En fin, quiero volver a la historia del motor eléctrico de rueda, porque, francamente, me fascina . Imagínense: en 1900, Ferdinand Porsche inventó algo que la NASA usaría 70 años después para ir a la Luna. Su invento literalmente tocó las estrellas.

¿Y saben qué? Todo este tiempo, hablamos de coches eléctricos en 2025 como si fuera algo revolucionario , pero Ferdinand ya lo tenía todo resuelto hace más de un siglo. Si le hubiéramos hecho caso, ¡quizás todos habríamos conducido coches eléctricos hace mucho tiempo!

Por cierto, precisamente por eso abrí mi tienda BernardMiniatures.fr.
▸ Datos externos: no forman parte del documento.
lemma tail_integral_diff_bounds:
  fixes s :: "real \<Rightarrow> real"
  assumes anti: "antimono s" and nonneg: "\<And>u. 0 \<le> s u"
    and int: "set_integrable lborel {a..} s" and "a \<le> b"
  shows "(b - a) * s b \<le> (LINT u:{a..}|lborel. s u) - (LINT u:{b..}|lborel. s u)
    \<and> (LINT u:{a..}|lborel. s u) - (LINT u:{b..}|lborel. s u) \<le> (b - a) * s a"
proof -
  have int_ab: "set_integrable lborel {a..<b} s"
    by (rule set_integrable_subset[OF set_integrable_Icc_antimono[OF anti nonneg, of a b]]) auto
  have const: "set_integrable lborel {a..<b} (\<lambda>_. c)" for c :: real
    using \<open>a \<le> b\<close> by (auto simp: set_integrable_def intro!: integrable_real_indicator)
  have "{a..} = {a..<b} \<union> {b..}" using \<open>a \<le> b\<close> by auto
  moreover have "(LINT u:{a..<b} \<union> {b..}|lborel. s u)
      = (LINT u:{a..<b}|lborel. s u) + (LINT u:{b..}|lborel. s u)"
    by (rule set_integral_Un[OF _ int_ab set_integrable_subset[OF int]]) (use \<open>a \<le> b\<close> in auto)
  ultimately have "(LINT u:{a..}|lborel. s u) - (LINT u:{b..}|lborel. s u) = (LINT u:{a..<b}|lborel. s u)"
    by simp
  moreover have "(LINT u:{a..<b}|lborel. s b) \<le> (LINT u:{a..<b}|lborel. s u)"
    "(LINT u:{a..<b}|lborel. s u) \<le> (LINT u:{a..<b}|lborel. s a)"
    using anti by (auto intro!: set_integral_mono const int_ab simp: antimono_def)
  moreover have "(LINT u:{a..<b}|lborel. c) = (b - a) * c" for c :: real
    using \<open>a \<le> b\<close> by (simp add: set_integral_const)
  ultimately show ?thesis by (simp add: mult.commute)
qed

lemma tail_integral_eq_0_if_zero:
  fixes s :: "real \<Rightarrow> real"
  assumes anti: "antimono s" and nonneg: "\<And>u. 0 \<le> s u" and "s a = 0"
  shows "(LINT u:{a..}|lborel. s u) = 0"
proof -
  have "s u = 0" if "a \<le> u" for u
    using nonneg[of u] antimonoD[OF anti that] \<open>s a = 0\<close> by simp
  then have "(\<lambda>u. indicator {a..} u *\<^sub>R s u) = (\<lambda>_. 0 :: real)"
    by (auto simp: indicator_def)
  then show ?thesis by (simp add: set_lebesgue_integral_def)
qed

lemma tail_integral_pos_if_pos:
  fixes s :: "real \<Rightarrow> real"
  assumes anti: "antimono s" and nonneg: "\<And>u. 0 \<le> s u"
    and int: "set_integrable lborel {a..} s"
    and right_cont: "continuous (at_right a) s" and "0 < s a"
  shows "0 < (LINT u:{a..}|lborel. s u)"
proof -
  have "\<forall>\<^sub>F u in at_right a. 0 < s u"
    using right_cont \<open>0 < s a\<close> by (intro order_tendstoD(1)) (simp_all add: continuous_within)
  then obtain b where "a < b" "0 < s b"
    using eventually_happens'[OF trivial_limit_at_right_real
        eventually_conj[OF _ eventually_at_right_real[of a "a + 1"]]]
    by fastforce
  then have "0 < (b - a) * s b" by simp
  also have "\<dots> \<le> (LINT u:{a..}|lborel. s u) - (LINT u:{b..}|lborel. s u)"
    using tail_integral_diff_bounds[OF anti nonneg int, of b] \<open>a < b\<close> by simp
  moreover have "0 \<le> (LINT u:{b..}|lborel. s u)"
    unfolding set_lebesgue_integral_def by (rule integral_nonneg_AE) (simp add: nonneg)
  ultimately show ?thesis by linarith
qed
Porque me fascinan las historias de ingenieros visionarios como Ferdinand Porsche. Tengo más de 1500 miniaturas en stock, principalmente a escala 1/43, con modelos que narran todas estas epopeyas automovilísticas. Escarabajos, por supuesto, pero también Porsches de carreras, prototipos eléctricos de los años 2000... Un poco de todo lo que da testimonio de este genio de la ingeniería automotriz.

El envío es gratuito para pedidos superiores a 75 € en Francia, y me encargo de empaquetar cada miniatura como un pequeño tesoro, porque eso es lo que son: testigos de la historia. Si te interesa, visita bernardminiatures.fr; verás que hay mucho con lo que soñar.

{colección destacada}

Ahora, volvamos a nuestro Ferdinand y la parte más oscura de su historia...

Los años oscuros

Porque, bueno, no podemos contar la historia de Ferdinand Porsche sin mencionar su colaboración con el régimen nazi . En 1937, se afilió al Partido Nazi e incluso alcanzó el rango de Oberführer de las SS. Durante la guerra, desarrolló tanques pesados como el VK 45.01, apodado "Ferdinand", y sus fábricas emplearon a trabajadores deportados.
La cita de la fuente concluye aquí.